On Sun, Sep 17, 2017 at 4:41 PM, Kugan Vivekanandarajah
<kugan.vivekanandara...@linaro.org> wrote:
> Hi Andrew,
>
> On 15 September 2017 at 13:36, Andrew Pinski <pins...@gmail.com> wrote:
>> On Thu, Sep 14, 2017 at 6:33 PM, Kugan Vivekanandarajah
>> <kugan.vivekanandara...@linaro.org> wrote:
>>> This patch adds aarch64_loop_unroll_adjust to limit partial unrolling
>>> in rtl based on strided-loads in loop.
>>
>> Can you expand on this some more?  Like give an example of where this
>> helps?  I am trying to better understand your counting schemes since
>> it seems like the count is based on the number of loads and not cache
>> lines.
>
> This is a simplified model and I am assuming here that prefetcher will
> tune based on the memory accesses. I don't have access to any of the
> internals of how this is implemented in different microarchitectures
> but I am assuming (in a simplified sense) that hw logic will detect
> memory accesses  patterns and using this it will prefetch the cache
> line. If there are memory accesses like what you have shown that falls
> within the cache line, they may be combined but you still need to
> detect them and tune. And also detecting them at compile time is not
> always easy. So this is a simplified model.
>
>> What do you mean by a strided load?
>> Doesn't this function overcount when you have:
>> for(int i = 1;i<1024;i++)
>>   {
>>     t+= a[i-1]*a[i];
>>   }
>> if it is counting based on cache lines rather than based on load addresses?
> Sorry for my terminology. what I mean by strided access is any memory
> accesses in the form memory[iv]. I am counting memory[iv] and
> memory[iv+1] as two deferent streams. This may or may not fall into
> same cache line.
>
>>
>> It also seems to do some weird counting when you have:
>> for(int i = 1;i<1024;i++)
>>   {
>>     t+= a[(i-1)*N+i]*a[(i)*N+i];
>>   }
>>
>> That is:
>> (PLUS (REG) (REG))
>>
>> Also seems to overcount when loading from the same pointer twice.
>
> If you prefer to count cache line basis, then I am counting it twice
> intentionally.
>
>>
>> In my micro-arch, the number of prefetch slots is based on cache line
>> miss so this would be overcounting by a factor of 2.
>
> I am not entirely sure if this will be useful for all the cores.
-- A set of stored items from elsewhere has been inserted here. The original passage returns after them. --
(* In the setting described in the context, fix $R\in\Gamma$. Then for every $t\in[0,p|R|r^2]$, \[\mathbb{P}\Big\{\big|\|X_{R'}\|_{2\to2}^2-p\|X_R\|_{2\to2}^2\big|\ge t\Big\}\le (3d+3)\exp\Big(-\frac{t^2}{48p|R|r^4}\Big).\]
   Context: Let $X=\{x_i\}_{i\in[n]}$ be points in $\mathbb{R}^d$ and $\Gamma$ a partition of $[n]$ into $k$ nonempty sets. For nonempty $S\subseteq[n]$, $c_S:=\frac1{|S|}\sum_{i\in S}x_i$, and $X_S$ denotes the $d\times n$ matrix whose $i$-th column is $x_i-c_S$ if $i\in S$ and $0$ otherwise. Let $r:=\max_{S\in\Gamma}\max_{i\in S}\|x_i-c_S\|$. Let $p\in(0,1]$ and let $W\subseteq[n]$ be random, containing each index independently with probability $p$; for $S\in\Gamma$ put $S':=S\cap W$ (so $X_{R'}$ has columns $x_i-c_{R'}$ for $i\in R'$ and zero otherwise; it is undefined when $R'=\emptyset$). *)

theory Defs
  imports "HOL-Probability.Probability" "HOL-Library.Disjoint_Sets"
begin

text \<open>Points are indexed by a finite type 'n (so [n] is UNIV :: 'n set, n = CARD('n));
  they live in real^'d (so d = CARD('d)).\<close>

definition centroid :: "('n \<Rightarrow> real^'d) \<Rightarrow> 'n set \<Rightarrow> real^'d" where
  "centroid x S = (1 / real (card S)) *\<^sub>R (\<Sum>i\<in>S. x i)"

definition Xmat :: "('n::finite \<Rightarrow> real^'d) \<Rightarrow> 'n set \<Rightarrow> real^'n^'d" where
  "Xmat x S = (\<chi> j i. if i \<in> S then (x i - centroid x S) $ j else 0)"

definition opnorm2 :: "real^'n^'d \<Rightarrow> real" where
  "opnorm2 A = onorm (\<lambda>v. A *v v)"

definition radius :: "('n::finite \<Rightarrow> real^'d) \<Rightarrow> 'n set set \<Rightarrow> real" where
  "radius x \<Gamma> = Max {norm (x i - centroid x S) | S i. S \<in> \<Gamma> \<and> i \<in> S}"

end

theory Submission
  imports Defs
begin

(* Put y_i = x_i - c_R.  The y_i sum to zero, so the centroid of R' is c_R + v / |R'| with
   v = sum_i (b_i - p) y_i, and for every direction u
     u^T X_R' X_R'^T u - p u^T X_R X_R^T u = <F, u u^T> - (u . v)^2 / |R'|,   F = sum_i (b_i - p) y_i y_i^T.
   Hence the deviation of the squared operator norms is at most ||F||_F + ||v||^2 / |R'|.
   Now F, v and |R'| - p |R| are centred Bernoulli sums, in inner-product spaces, of vectors of norm
   at most r^2, r and 1.  For such sums Pinelis' estimate
     E cosh (l ||sum_i (b_i - p) Y_i||) <= prod_i (1 + p (exp (l ||Y_i||) - 1 - l ||Y_i||))
   and Markov's inequality give the dimension-free tail bound 2 exp (- s^2 / (12 p |R| L^2)) for
   s <= p |R| L / 2.  A deviation of at least t forces ||F|| >= t/2, or ||R'| - p |R|| >= p |R| / 2,
   or ||v|| >= sqrt (t p |R|) / 2; each of these has probability at most 2 exp (- t^2 / (48 p |R| r^4)),
   and 6 <= 3 d + 3. *)

section \<open>Power series estimates\<close>

lemma cosh_even_series: "(\<lambda>k. x ^ (2*k) / fact (2*k)) sums cosh (x::real)"
proof -
  have "{2*k..<2*k+2} = {2*k, Suc (2*k)}" for k :: nat by auto
  then have "(\<lambda>k. \<Sum>j\<in>{k*2..<k*2+2}. if even j then x ^ j /\<^sub>R fact j else 0) = (\<lambda>k. x ^ (2*k) / fact (2*k))"
    by (simp add: mult.commute divide_inverse)
  then show ?thesis using sums_group[OF cosh_converges[of x], of 2] by simp
qed
lemma level_potential_le_square: "level_potential n k \<le> real n ^ 2"
proof -
  have "real n * (real n - real k + 1) \<le> real n * real n" if "odd k"
    using that by (intro mult_left_mono) (auto elim!: oddE)
  moreover have "real n * (real n - real k) \<le> real n * real n"
    by (intro mult_left_mono) auto
  ultimately show ?thesis unfolding level_potential_def by (auto simp: power2_eq_square)
qed

lemma level_potential_le_if_ge:
  assumes "2*m+2 \<le> k" "2*m+2 \<le> n"
  shows "level_potential n k \<le> real n * (real n - real (2*m+2))"
proof -
  have "real n * (real n - real k + 1) \<le> real n * (real n - real (2*m+2))" if "odd k"
  proof -
    have "2*m+3 \<le> k" using that assms(1) by presburger
    then show ?thesis by (intro mult_left_mono) auto
  qed
  moreover have "real n * (real n - real k) \<le> real n * (real n - real (2*m+2))"
    using assms(1) by (intro mult_left_mono) auto
  moreover have "0 \<le> real n * (real n - real (2*m+2))" using assms(2) by simp
  ultimately show ?thesis unfolding level_potential_def by auto
qed

lemma potential_nonneg: "0 \<le> potential n x"
  unfolding potential_def by (rule level_potential_nonneg)

lemma potential_le_square: "potential n x \<le> real n ^ 2"
  unfolding potential_def by (rule level_potential_le_square)
(* For each $2p\in\{216, 270, 324\}$ there exists a cyclic DCA$(4,2p+1;2p)$ satisfying P1 and P2.
   Context: A difference covering array DCA$(k,\eta;n)$ over $\mathbb{Z}_n$ (a cyclic DCA) is an $\eta\times k$ matrix $Q=[q(i,j)]$ with entries in $\mathbb{Z}_n$ such that for every pair of distinct columns $j,j'$ the multiset $\{q(i,j)-q(i,j') : 0\le i\le \eta-1\}$ contains every element of $\mathbb{Z}_n$ at least once. A DCA$(k,n+1;n)$ is taken in normalized form: all entries of its last row (row $n$) and last column (column $k-1$) equal $0$. It satisfies P1 if $0$ occurs at least twice in every column, and P2 if for all distinct columns $j,j'$ with $j\neq k-1\neq j'$, the set $\{q(i,j)-q(i,j') : 0\le i\le n-1\}$ equals $\mathbb{Z}_n\setminus\{0\}$. *)

theory Defs
  imports Main
begin

text \<open>An eta x k matrix over Z_n is a function Q :: nat => nat => int (row i, column j),
  considered for i < eta, j < k, with entries taken as residues in {0..<n}.\<close>

definition is_DCA :: "nat \<Rightarrow> nat \<Rightarrow> nat \<Rightarrow> (nat \<Rightarrow> nat \<Rightarrow> int) \<Rightarrow> bool" where
  "is_DCA k eta n Q \<longleftrightarrow>
     (\<forall>i<eta. \<forall>j<k. 0 \<le> Q i j \<and> Q i j < int n) \<and>
     (\<forall>j<k. \<forall>j'<k. j \<noteq> j' \<longrightarrow>
        (\<forall>d\<in>{0..<int n}. \<exists>i<eta. (Q i j - Q i j') mod int n = d))"

definition DCA_normalized :: "nat \<Rightarrow> nat \<Rightarrow> (nat \<Rightarrow> nat \<Rightarrow> int) \<Rightarrow> bool" where
  "DCA_normalized k n Q \<longleftrightarrow>
     (\<forall>j<k. Q n j = 0) \<and> (\<forall>i<n+1. Q i (k - 1) = 0)"

definition DCA_P1 :: "nat \<Rightarrow> nat \<Rightarrow> nat \<Rightarrow> (nat \<Rightarrow> nat \<Rightarrow> int) \<Rightarrow> bool" where
  "DCA_P1 k eta n Q \<longleftrightarrow> (\<forall>j<k. card {i. i < eta \<and> Q i j = 0} \<ge> 2)"

definition DCA_P2 :: "nat \<Rightarrow> nat \<Rightarrow> (nat \<Rightarrow> nat \<Rightarrow> int) \<Rightarrow> bool" where
  "DCA_P2 k n Q \<longleftrightarrow>
     (\<forall>j<k. \<forall>j'<k. j \<noteq> j' \<and> j \<noteq> k - 1 \<and> j' \<noteq> k - 1 \<longrightarrow>
        {(Q i j - Q i j') mod int n | i. i < n} = {1..<int n})"

end

theory Submission
  imports Defs
begin
definition gibbs :: "nat \<Rightarrow> nat \<Rightarrow> (nat \<times> nat \<Rightarrow> real) \<Rightarrow> (nat \<Rightarrow> nat) \<Rightarrow> real" where
  "gibbs q N J \<sigma> = exp (- hamiltonian N \<sigma> J) / partition_fn q N J"

definition poisson_dist :: "real \<Rightarrow> nat pmf" where
  "poisson_dist rate = (if 0 < rate then poisson_pmf rate else return_pmf 0)"

definition J_law :: "nat \<Rightarrow> real \<Rightarrow> (nat \<times> nat \<Rightarrow> nat) pmf" where
  "J_law N c = Pi_pmf ({..<N} \<times> {..<N}) 0 (\<lambda>_. poisson_dist (c / (2 * real N)))"

definition E_Nc :: "nat \<Rightarrow> real \<Rightarrow> ((nat \<times> nat \<Rightarrow> nat) \<Rightarrow> real) \<Rightarrow> real" where
  "E_Nc N c f = measure_pmf.expectation (J_law N c) f"

definition scaled :: "real \<Rightarrow> (nat \<times> nat \<Rightarrow> nat) \<Rightarrow> (nat \<times> nat \<Rightarrow> real)" where
  "scaled \<beta> J = (\<lambda>ij. \<beta> * real (J ij))"

definition pressure :: "nat \<Rightarrow> nat \<Rightarrow> real \<Rightarrow> real \<Rightarrow> real" where
  "pressure q N \<beta> c = E_Nc N c (\<lambda>J. ln (partition_fn q N (scaled \<beta> J)) / real N)"

definition annealed_pressure :: "nat \<Rightarrow> real \<Rightarrow> real \<Rightarrow> real" where
  "annealed_pressure q \<beta> c = ln (real q) + c / 2 * ln (1 - (1 - exp (- \<beta>)) / real q)"

definition replicas :: "nat \<Rightarrow> nat \<Rightarrow> nat \<Rightarrow> (nat \<Rightarrow> nat \<Rightarrow> nat) set" where
  "replicas q N R = PiE {..<R} (\<lambda>_. configs q N)"

definition emp_measure :: "nat \<Rightarrow> nat \<Rightarrow> (nat \<Rightarrow> nat \<Rightarrow> nat) \<Rightarrow> (nat \<Rightarrow> nat) \<Rightarrow> real" where
  "emp_measure N R \<Sigma> s = (1 / real N) * (\<Sum>i<N. \<Prod>r<R. kdelta (\<Sigma> r i) (s r))"

definition replica_avg :: "nat \<Rightarrow> nat \<Rightarrow> real \<Rightarrow> real \<Rightarrow> nat \<Rightarrow> ((nat \<Rightarrow> nat \<Rightarrow> nat) \<Rightarrow> real) \<Rightarrow> real" where
  "replica_avg q N \<beta> c R F = E_Nc N c (\<lambda>J. \<Sum>\<Sigma>\<in>replicas q N R.
      F \<Sigma> * (\<Prod>r<R. gibbs q N (scaled \<beta> J) (\<Sigma> r)))"

end

theory Submission
  imports Defs
begin

text \<open>
  Both pressures equal \<open>ln q\<close> at \<open>c = 0\<close>, so it suffices to compare their derivatives
  in \<open>c\<close>. For Poisson couplings the derivative of an expectation in the mean is the sum of
  the expected discrete derivatives, and adding one unit to the coupling \<open>J\<^sub>i\<^sub>j\<close> multiplies
  \<open>Z\<close> by \<open>1 - x a\<^sub>i\<^sub>j\<close>, where \<open>x = 1 - exp (- \<beta>)\<close> and \<open>a\<^sub>i\<^sub>j\<close> is the Gibbs probability
  that \<open>\<sigma>\<^sub>i = \<sigma>\<^sub>j\<close>. Hence the derivative of the gap is
  \<open>ln (1 - x / q) / 2 - E (\<Sum>i j. ln (1 - x a\<^sub>i\<^sub>j)) / (2 N\<^sup>2)\<close>. Expanding both logarithms in
  powers of \<open>x\<close> and writing \<open>a\<^sub>i\<^sub>j\<^sup>R\<close> as an average over \<open>R\<close> independent replicas identifies
  the coefficient of \<open>x\<^sup>R / R\<close> with the replica variance of the empirical measure, which
  is nonnegative. Integrating in \<open>c\<close> gives the identity and the bound.
\<close>

section \<open>Poisson weights\<close>

definition poisson_weight :: "real \<Rightarrow> nat \<Rightarrow> real" where
  "poisson_weight l k = l ^ k / fact k * exp (- l)"

lemma pmf_poisson_dist: "0 \<le> l \<Longrightarrow> pmf (poisson_dist l) k = poisson_weight l k"
  by (auto simp: poisson_dist_def poisson_weight_def indicator_def power_0_left)

lemma poisson_weight_nonneg: "0 \<le> l \<Longrightarrow> 0 \<le> poisson_weight l k"
  by (simp add: poisson_weight_def)

lemma poisson_weight_Suc: "poisson_weight l (Suc k) = l / real (Suc k) * poisson_weight l k"
  by (simp add: poisson_weight_def field_simps)

lemma poisson_weight_le: "l \<in> {0..L} \<Longrightarrow> poisson_weight l k \<le> L ^ k / fact k"
proof -
  assume l: "l \<in> {0..L}"
  have "l ^ k * exp (- l) \<le> L ^ k * 1"
    using l by (intro mult_mono power_mono) auto
  then show ?thesis by (simp add: poisson_weight_def divide_right_mono)
qed

lemma poisson_weight_sums_1: "poisson_weight l sums 1"
proof -
  have "(\<lambda>k. exp (- l) * (l ^ k /\<^sub>R fact k)) sums (exp (- l) * exp l)"
    by (intro sums_mult exp_converges)
  moreover have "exp (- l) * (l ^ k /\<^sub>R fact k) = poisson_weight l k" for k
    by (simp add: poisson_weight_def field_simps)
  ultimately show ?thesis by (simp add: exp_minus)
qed

lemma poisson_weight_mean_sums: "(\<lambda>k. poisson_weight l k * real k) sums l"
proof -
  have "(\<lambda>k. l * poisson_weight l k) sums (l * 1)"
    by (intro sums_mult poisson_weight_sums_1)
  then have "(\<lambda>k. poisson_weight l (Suc k) * real (Suc k)) sums l"
    by (simp add: poisson_weight_Suc)
  then show ?thesis
    using sums_Suc_iff[of "\<lambda>k. poisson_weight l k * real k"] by simp
qed

lemma summable_poisson_weight_linear: "summable (\<lambda>k. poisson_weight l k * (1 + real k))"
  using summable_add[OF sums_summable[OF poisson_weight_sums_1]
      sums_summable[OF poisson_weight_mean_sums]]
  by (simp add: algebra_simps)

lemma summable_poisson_linear_growth:
  assumes "0 \<le> l" and "\<And>k. \<bar>h k\<bar> \<le> K * (1 + real k)"
  shows "summable (\<lambda>k. poisson_weight l k * h k)"
proof (rule summable_comparison_test'[OF summable_mult[OF summable_poisson_weight_linear, of K]])
  fix k
  show "norm (poisson_weight l k * h k) \<le> K * (poisson_weight l k * (1 + real k))"
    using mult_left_mono[OF assms(2)[of k] poisson_weight_nonneg[OF assms(1)]]
    by (simp add: abs_mult abs_of_nonneg[OF poisson_weight_nonneg[OF assms(1)]] mult_ac)
qed
(* Let $w\in[k]^n$ and let $m$ be a positive integer. If $\mathrm{LT}(w)\geq m$, then $w$ contains regular twins of length $m$.
   Context: $[k]=\{1,\dots,k\}$; $w[i]$ is the $i$-th letter of $w$. Two subsequences of $w$ are twins if they are equal as words and use disjoint sets of positions of $w$; $\mathrm{LT}(w)$ is the maximum length of twins in $w$. Twins $(w_1,w_2)$ are monotone if, for every $i$, the $i$-th letter of $w_1$ occurs in $w$ before the $i$-th letter of $w_2$. For monotone twins define $R=R(w_1,w_2,w)\in\{0,1,2\}^n$ by $R[i]=0$ if position $i$ is in neither twin, $R[i]=1$ if it is in $w_1$, $R[i]=2$ if it is in $w_2$. Monotone twins $(w_1,w_2)$ are regular if (a) there are no $i<j$ with $R[i]=2$, $R[j]=1$, $R[k']=0$ for all $i<k'<j$, and $w[i]=w[j]$; and (b) there are no $i<j$ with $R[i]\in\{1,2\}$, $R[j]=0$, $R[k']=0$ for all $i<k'<j$, and $w[i]=w[j]$. *)

theory Defs
  imports Main
begin

text \<open>Words are lists; positions are 0-based indices \<open>0..<length w\<close>.
  A pair of twins is given by the two (disjoint) sets of positions used.\<close>

definition twins :: "'a list \<Rightarrow> nat set \<Rightarrow> nat set \<Rightarrow> bool" where
  "twins w I J \<longleftrightarrow> I \<subseteq> {..<length w} \<and> J \<subseteq> {..<length w} \<and> I \<inter> J = {}
     \<and> nths w I = nths w J"

definition LT :: "'a list \<Rightarrow> nat" where
  "LT w = Max {card I | I J. twins w I J}"

definition mono_twins :: "'a list \<Rightarrow> nat set \<Rightarrow> nat set \<Rightarrow> bool" where
  "mono_twins w I J \<longleftrightarrow> twins w I J \<and>
     (\<forall>i < card I. sorted_list_of_set I ! i < sorted_list_of_set J ! i)"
It is
> shown to beneficial for falkor based on what is done in LLVM.

Can you share at least one benchmark or microbenchmark which shows the
benefit?  Because I can't seem to understand how the falkor core
handles their hardware prefetcher to see if this is beneficial even
there?

Thanks,
Andrew

>
> Thanks,
> Kugan
>>
>> Thanks,
>> Andrew
>>
>>>
>>> Thanks,
>>> Kugan
>>>
>>> gcc/ChangeLog:
>>>
>>> 2017-09-12  Kugan Vivekanandarajah  <kug...@linaro.org>
>>>
>>>     * cfgloop.h (iv_analyze_biv): export.
>>>     * loop-iv.c: Likewise.
>>>     * config/aarch64/aarch64.c (strided_load_p): New.
>>>     (insn_has_strided_load): New.
>>>     (count_strided_load_rtl): New.
>>>     (aarch64_loop_unroll_adjust): New.